One of the sea buckthorn has just died, for no particular reason I can discover, and another has tipped over in the prevailing wind which may not be a good sign.  I thought the clue would be in the name and something called sea buckthorn would be able to cope with sand and the full blast of the south westerly gales.  Meanwhile brambles keep growing in from the other side of the rabbit fence. Just in case the corner was not horticulturally challenging enough it is heavily shaded at ground level, since the old track slopes to fully two feet below the level of the drive to the front garden, so is largely in the shadow of the bank up to the drive as well as the sea buckthorn and the invading brambles.

I have chopped out all the brambles and most of the dead sea buckthorn branches, and dug out most of the brambles that had taken root on this side of the rabbit fence with a pick axe.  I have scooped up buckets and buckets of dead leaves, twigs, grass stems and goose grass, pulled up more buckets of wild ivy stems that were setting out across the ground, and grubbed out the self seeded clumps of weed grasses.  I have extracted the dead remains of a rather weedy cotoneaster that seeds itself in that part of the garden, one of the only plants left to us by the previous owners, together with several young plants of it that were encroaching out into the bed.  The only useful plants at ground level are a self seeding euphorbia and I tried to leave those intact.  There used to be some common foxgloves, but they died after flowering and have not left many seedlings.

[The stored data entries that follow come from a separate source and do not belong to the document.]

text \<open>Induction on the number of
  frequencies: dividing by e^(l_0 t) and differentiating removes the term for l_0.\<close>
lemma exp_sum_vanishing:
  fixes c :: "real \<Rightarrow> real"
  shows "finite L \<Longrightarrow> finite Z \<Longrightarrow> card L \<le> card Z \<Longrightarrow>
    (\<forall>t\<in>Z. (\<Sum>l\<in>L. c l * exp (l * t)) = 0) \<Longrightarrow> \<forall>l\<in>L. c l = 0"
proof (induction L arbitrary: c Z rule: finite_induct)
  case empty
  then show ?case by simp
next
  case (insert l0 L)
  obtain n where n: "card Z = Suc n" and nL: "card L \<le> n"
    using insert by (metis card_insert_disjoint not_less_eq_eq Suc_le_D)
  define h where "h t = (\<Sum>l\<in>insert l0 L. c l * exp ((l - l0) * t))" for t
  define h' where "h' t = (\<Sum>l\<in>L. c l * (l - l0) * exp ((l - l0) * t))" for t
  have h_split: "h t = c l0 + (\<Sum>l\<in>L. c l * exp ((l - l0) * t))" for t
    using insert(1,2) by (simp add: h_def)
  have der: "(h has_real_derivative h' x) (at x)" for x
    unfolding h_split[abs_def] h'_def by (auto intro!: derivative_eq_intros sum.cong simp: algebra_simps)
  have h_scaled: "h t = exp (- l0 * t) * (\<Sum>l\<in>insert l0 L. c l * exp (l * t))" for t
    unfolding h_def sum_distrib_left
    by (rule sum.cong) (auto simp: algebra_simps exp_add[symmetric])
  have h'_scaled: "h' t = exp (- l0 * t) * (\<Sum>l\<in>L. (c l * (l - l0)) * exp (l * t))" for t
    unfolding h'_def sum_distrib_left
    by (rule sum.cong) (auto simp: algebra_simps exp_add[symmetric])
  have "\<forall>z\<in>Z. h z = 0" using insert(6) h_scaled by simp
  then obtain Z' where Z': "finite Z'" "card Z' = n" "\<forall>z\<in>Z'. h' z = 0"
    using rolle_zero_count[OF der insert(4) n] by blast
  then have "\<forall>t\<in>Z'. (\<Sum>l\<in>L. (c l * (l - l0)) * exp (l * t)) = 0"
    using h'_scaled by simp
  then have "\<forall>l\<in>L. c l * (l - l0) = 0"
    using insert.IH[OF Z'(1), of "\<lambda>l. c l * (l - l0)"] Z'(2) nL by simp
  then have cL: "\<forall>l\<in>L. c l = 0" using insert(2) by auto
  obtain z where z: "z \<in> Z" using n by fastforce
  then have "(\<Sum>l\<in>insert l0 L. c l * exp (l * z)) = 0" using insert(6) by blast
  then have "c l0 * exp (l0 * z) = 0" using insert(1,2) cL by simp
  then show ?case using cL by simp
qed

text \<open>The same for generalised polynomials \<Sum>_v c_v v^t with distinct positive bases v,
  via the substitution v = e^l.\<close>
lemma powr_sum_vanishing:
  fixes c :: "real \<Rightarrow> real"
  assumes "finite V" "V \<subseteq> {0<..}" "finite Z" "card V \<le> card Z"
    and "\<forall>t\<in>Z. (\<Sum>v\<in>V. c v * v powr t) = 0"
  shows "\<forall>v\<in>V. c v = 0"
proof -
  have inj: "inj_on ln V" using assms(2) by (intro inj_onI) (auto dest: ln_inj_iff[THEN iffD1])
  have substitution: "(\<Sum>l\<in>ln ` V. c (exp l) * exp (l * t)) = (\<Sum>v\<in>V. c v * v powr t)" for t
    using assms(2) by (subst sum.reindex[OF inj]) (auto intro!: sum.cong simp: powr_def mult.commute)
  have "\<forall>l\<in>ln ` V. c (exp l) = 0"
    by (rule exp_sum_vanishing) (use assms substitution card_image[OF inj] in auto)
  then show ?thesis using assms(2) by (metis exp_ln greaterThan_iff image_eqI subsetD)
qed

text \<open>A power sum of nonnegative values, grouped by value: only the multiplicities of the
  positive values matter (zero terms vanish since 0 powr t = 0).\<close>
lemma sum_powr_by_values:
  fixes g :: "'i \<Rightarrow> real"
  assumes "finite S" "finite V" "g ` S \<inter> {0<..} \<subseteq> V" "\<forall>n\<in>S. g n \<ge> 0"
  shows "(\<Sum>n\<in>S. g n powr t) = (\<Sum>v\<in>V. real (card {n\<in>S. g n = v}) * v powr t)"
proof -
  have "(\<Sum>v\<in>V. real (card {n\<in>S. g n = v}) * v powr t)
      = (\<Sum>v\<in>V. \<Sum>n\<in>{n\<in>{n\<in>S. g n \<in> V}. g n = v}. g n powr t)"
  proof (rule sum.cong)
    fix v assume v: "v \<in> V"
    then have "{n\<in>{n\<in>S. g n \<in> V}. g n = v} = {n\<in>S. g n = v}" by auto
    then show "real (card {n\<in>S. g n = v}) * v powr t
        = (\<Sum>n\<in>{n\<in>{n\<in>S. g n \<in> V}. g n = v}. g n powr t)" by simp
  qed simp
  also have "\<dots> = (\<Sum>n\<in>{n\<in>S. g n \<in> V}. g n powr t)"
    by (rule sum.group) (use assms in auto)
  also have "\<dots> = (\<Sum>n\<in>S. g n powr t)"
  proof (rule sum.mono_neutral_left)
    show "\<forall>i\<in>S - {n \<in> S. g n \<in> V}. g i powr t = 0"
      using assms(3,4) by force
  qed (use assms in auto)
  finally show ?thesis by simp
qed

text \<open>Power sums of two finite families of nonnegative reals that agree at infinitely many
  exponents agree at every exponent: the difference is a generalised polynomial in the common
  positive values, with infinitely many zeros, hence with zero coefficients.\<close>
lemma power_sums_agree:
  fixes g1 :: "'i \<Rightarrow> real" and g2 :: "'j \<Rightarrow> real"
  assumes "finite S1" "finite S2" "\<forall>n\<in>S1. g1 n \<ge> 0" "\<forall>n\<in>S2. g2 n \<ge> 0"
    and "infinite Z" "\<forall>t\<in>Z. (\<Sum>n\<in>S1. g1 n powr t) = (\<Sum>n\<in>S2. g2 n powr t)"
  shows "(\<Sum>n\<in>S1. g1 n powr t) = (\<Sum>n\<in>S2. g2 n powr t)"
proof -
  define V where "V = (g1 ` S1 \<union> g2 ` S2) \<inter> {0<..}"
  define c where "c v = real (card {n\<in>S1. g1 n = v}) - real (card {n\<in>S2. g2 n = v})" for v
  have V: "finite V" "V \<subseteq> {0<..}" using assms(1,2) by (auto simp: V_def)
  have diff: "(\<Sum>n\<in>S1. g1 n powr s) - (\<Sum>n\<in>S2. g2 n powr s) = (\<Sum>v\<in>V. c v * v powr s)" for s
  proof -
    have "(\<Sum>n\<in>S1. g1 n powr s) = (\<Sum>v\<in>V. real (card {n\<in>S1. g1 n = v}) * v powr s)"
      by (rule sum_powr_by_values) (use assms V in \<open>auto simp: V_def\<close>)
    moreover have "(\<Sum>n\<in>S2. g2 n powr s) = (\<Sum>v\<in>V. real (card {n\<in>S2. g2 n = v}) * v powr s)"
      by (rule sum_powr_by_values) (use assms V in \<open>auto simp: V_def\<close>)
    ultimately show ?thesis by (simp add: c_def left_diff_distrib sum_subtractf)
  qed
  obtain Z' where Z': "finite Z'" "card Z' = card V" "Z' \<subseteq> Z"
    using infinite_arbitrarily_large[OF assms(5)] by blast
  have "\<forall>t\<in>Z'. (\<Sum>v\<in>V. c v * v powr t) = 0"
    using Z'(3) assms(6) diff by (metis diff_self subsetD)
  then have "\<forall>v\<in>V. c v = 0"
    using powr_sum_vanishing[OF V Z'(1)] Z'(2) by simp
  then show ?thesis using diff[of t] by simp
qed

lemma powr_inverse_inj:
  fixes A B t :: real
  assumes "A \<ge> 0" "B \<ge> 0" "t > 0" "A powr (1/t) = B powr (1/t)"
  shows "A = B"
proof -
  have "(A powr (1/t)) powr t = (B powr (1/t)) powr t" using assms(4) by simp
  then show ?thesis using assms(1-3) by (simp add: powr_powr)
qed

lemma tnorm_agree:
  assumes "x \<in> fin_real_seqs" "y \<in> fin_real_seqs"
    and "infinite Z" "Z \<subseteq> {0<..}" "\<forall>s\<in>Z. tnorm s x = tnorm s y" "t > 0"
  shows "tnorm t x = tnorm t y"
proof -
  define P where "P (z :: nat \<Rightarrow> real) s = (\<Sum>n\<in>{n. z n \<noteq> 0}. \<bar>z n\<bar> powr s)" for z s
  have tnorm_P: "tnorm s z = P z s powr (1/s)" for s z by (simp add: tnorm_def P_def)
  have "P x s = P y s" if "s \<in> Z" for s
  proof (rule powr_inverse_inj)
    show "P x s \<ge> 0" "P y s \<ge> 0" unfolding P_def by (auto intro: sum_nonneg)
    show "s > 0" using assms(4) that by auto
    show "P x s powr (1/s) = P y s powr (1/s)" using assms(5) that by (simp add: tnorm_P)
  qed
  then have "P x t = P y t"
    unfolding P_def using assms(1-3) by (intro power_sums_agree) (auto simp: fin_real_seqs_def)
  then show ?thesis by (simp add: tnorm_P)
qed

text \<open>G^\<infinity> is countable when G is: encode a sequence by the list of its terms up to a
  bound on its support.\<close>
lemma countable_fin_seqs:
  assumes "countable (carrier G)"
  shows "countable (fin_seqs G)"
proof -
  define k where "k f = (SOME k. {n. f n \<noteq> \<one>\<^bsub>G\<^esub>} \<subseteq> {..<k})" for f :: "nat \<Rightarrow> 'a"
  have k: "{n. f n \<noteq> \<one>\<^bsub>G\<^esub>} \<subseteq> {..<k f}" if "f \<in> fin_seqs G" for f
    unfolding k_def by (rule someI_ex) (use that finite_nat_bounded in \<open>auto simp: fin_seqs_def\<close>)
  define enc where "enc f = map f [0..<k f]" for f
  have "inj_on enc (fin_seqs G)"
  proof (rule inj_onI)
    fix f g assume f: "f \<in> fin_seqs G" and g: "g \<in> fin_seqs G" and e: "enc f = enc g"
    then have len: "k f = k g" unfolding enc_def by (metis length_map length_upt minus_nat.diff_0)
    show "f = g"
    proof
      fix n show "f n = g n"
      proof (cases "n < k f")
        case True
        then show ?thesis using e len unfolding enc_def by (metis add_0 diff_zero nth_map_upt)
      next
        case False
        then have "f n = \<one>\<^bsub>G\<^esub>" and "g n = \<one>\<^bsub>G\<^esub>"
          using k[OF f] k[OF g] len by auto
        then show ?thesis by simp
      qed
    qed
  qed
  moreover have "enc ` fin_seqs G \<subseteq> lists (carrier G)"
    by (auto simp: enc_def fin_seqs_def)
  then have "countable (enc ` fin_seqs G)"
    using assms countable_lists countable_subset by blast
  ultimately show ?thesis using countable_image_inj_on by blast
qed

lemma uncountable_fibre:
  assumes "uncountable A" "countable (F ` A)"
  shows "\<exists>a\<in>A. uncountable {a'\<in>A. F a' = F a}"
proof (rule ccontr)
  assume "\<not> ?thesis"
  then have "countable (\<Union>b\<in>F ` A. {a'\<in>A. F a' = b})"
    using assms(2) by (intro countable_UN) auto
  moreover have "(\<Union>b\<in>F ` A. {a'\<in>A. F a' = b}) = A" by auto
  ultimately show False using assms(1) by simp
qed

lemma seq_val_as_tnorm:
  assumes "is_height G \<phi>" "f \<in> fin_seqs G"
  shows "(\<lambda>n. \<phi> (f n)) \<in> fin_real_seqs" and "seq_val G \<phi> t f = tnorm t (\<lambda>n. \<phi> (f n))"
proof -
  have nonneg: "\<And>n. \<phi> (f n) \<ge> 0" and one: "\<phi> \<one>\<^bsub>G\<^esub> = 0"
    using assms by (auto simp: is_height_def fin_seqs_def)
  have fin: "finite {n. f n \<noteq> \<one>\<^bsub>G\<^esub>}" using assms(2) by (simp add: fin_seqs_def)
  have sub: "{n. \<phi> (f n) \<noteq> 0} \<subseteq> {n. f n \<noteq> \<one>\<^bsub>G\<^esub>}" using one by auto
  show "(\<lambda>n. \<phi> (f n)) \<in> fin_real_seqs"
    using finite_subset[OF sub fin] by (simp add: fin_real_seqs_def)
  have "(\<Sum>n\<in>{n. \<phi> (f n) \<noteq> 0}. \<bar>\<phi> (f n)\<bar> powr t) = (\<Sum>n\<in>{n. \<phi> (f n) \<noteq> 0}. \<phi> (f n) powr t)"
    using nonneg by simp
  also have "\<dots> = (\<Sum>n\<in>{n. f n \<noteq> \<one>\<^bsub>G\<^esub>}. \<phi> (f n) powr t)"
    by (rule sum.mono_neutral_left[OF fin sub]) auto
  finally show "seq_val G \<phi> t f = tnorm t (\<lambda>n. \<phi> (f n))"
    by (simp add: tnorm_def seq_val_def)
qed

The rabbit fence used to be hidden by some rather smart willow and hazel hurdles, but they have rotted away.  I'm still musing on whether to get a roll of some cheaper brushwood cladding, or if that would simply draw attention to the area.  And I need to think of a ground cover plant that will grow in shade and almost pure sand and is not too expensive, since it is quite a large corner when you come to express it in square metres and then think of a number of plants per square metre where the number is more than one.  Evergreen would be nice.  Ivy will not do because it climbs into everything else and strangles it.

There is a tamarisk, which I thought would be happy there, based on memories of family holidays in Cornwall where they used to grow practically on the beach.  It is not happy.  Maybe by the time you got to the tamarisks from the beach the sand had stopped.  Maybe I should try a columnar juniper to replace the dead sea buckthorn.  They take drought pretty well.  It would be nice to screen the view of the neighbour's field and the lettuce farm a little more, since the former currently houses a small but brilliant white portable football goal and a large black container that they said they were going to clad and turn into a summerhouse.  They have not got round to cladding it yet, and in the meantime it coordinates with the two more distant containers in the field behind the packing shed on the lettuce farm.  I don't know what it is about farms that they always collect debris around the farm buildings.

I really thought when I began this morning that I'd finish the corner today.  That I could tick it off the list of Things To Do and order a couple of bags of gravel to be delivered to the newly de-brambled space at the edge of the drive.  Why is it that jobs always take longer than you expect?